_Data excerpts_.
--- START ---

(* Let $0\le t_1<t_2<+\infty$, $r:=\frac{t_2-t_1}2$, $x_0:=\frac{t_1+t_2}2$. For all $z$ with $\operatorname{Im}z\ge0$: $\omega(z,[t_1,t_2])\le1$ if $z\in D(x_0,r)\cup\{t_1,t_2\}$; $\omega(z,[t_1,t_2])\le\frac12$ if $\operatorname{Im}z>0$ and $|z-x_0|=r$; and $\omega(z,[t_1,t_2])\le\frac1\pi\arctan\frac{2r|z-x_0|}{|z-x_0|^2-r^2}$ if $|z-x_0|>r$. These bounds are sharp on each semicircle: for every $t\ge0$ there is a point $z$ with $\operatorname{Im}z\ge0$, $|z-x_0|=t$, at which equality holds in the applicable bound. Moreover, for all $z$ with $\operatorname{Im}z>0$ and $|z-x_0|<r$, $$\omega(z,[t_1,t_2])\ge1-\frac1\pi\arctan\frac{2r|z-x_0|}{r^2-|z-x_0|^2}\ge1-\frac1\pi\frac{2r|z-x_0|}{r^2-|z-x_0|^2}.$$
   Context: For $z$ with $\operatorname{Im}z>0$ and Borel $B\subset\mathbb{R}$, $\omega(z,B)=\frac1\pi\int_B\frac{\operatorname{Im}z}{(t-\operatorname{Re}z)^2+(\operatorname{Im}z)^2}dt$ is the harmonic measure of the upper half-plane; for $x\in\mathbb{R}$, $\omega(x,B)$ is the Dirac measure $\delta_x(B)$. $D(x_0,r)$ is the open disc of centre $x_0$ and radius $r$. *)

theory Defs
  imports "HOL-Analysis.Analysis"
begin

--- END ---

_Exercise objective_.
Type out each entry above again, exactly.

_Expected answer_.
(* Let $0\le t_1<t_2<+\infty$, $r:=\frac{t_2-t_1}2$, $x_0:=\frac{t_1+t_2}2$. For all $z$ with $\operatorname{Im}z\ge0$: $\omega(z,[t_1,t_2])\le1$ if $z\in D(x_0,r)\cup\{t_1,t_2\}$; $\omega(z,[t_1,t_2])\le\frac12$ if $\operatorname{Im}z>0$ and $|z-x_0|=r$; and $\omega(z,[t_1,t_2])\le\frac1\pi\arctan\frac{2r|z-x_0|}{|z-x_0|^2-r^2}$ if $|z-x_0|>r$. These bounds are sharp on each semicircle: for every $t\ge0$ there is a point $z$ with $\operatorname{Im}z\ge0$, $|z-x_0|=t$, at which equality holds in the applicable bound. Moreover, for all $z$ with $\operatorname{Im}z>0$ and $|z-x_0|<r$, $$\omega(z,[t_1,t_2])\ge1-\frac1\pi\arctan\frac{2r|z-x_0|}{r^2-|z-x_0|^2}\ge1-\frac1\pi\frac{2r|z-x_0|}{r^2-|z-x_0|^2}.$$
   Context: For $z$ with $\operatorname{Im}z>0$ and Borel $B\subset\mathbb{R}$, $\omega(z,B)=\frac1\pi\int_B\frac{\operatorname{Im}z}{(t-\operatorname{Re}z)^2+(\operatorname{Im}z)^2}dt$ is the harmonic measure of the upper half-plane; for $x\in\mathbb{R}$, $\omega(x,B)$ is the Dirac measure $\delta_x(B)$. $D(x_0,r)$ is the open disc of centre $x_0$ and radius $r$. *)

theory Defs
  imports "HOL-Analysis.Analysis"
begin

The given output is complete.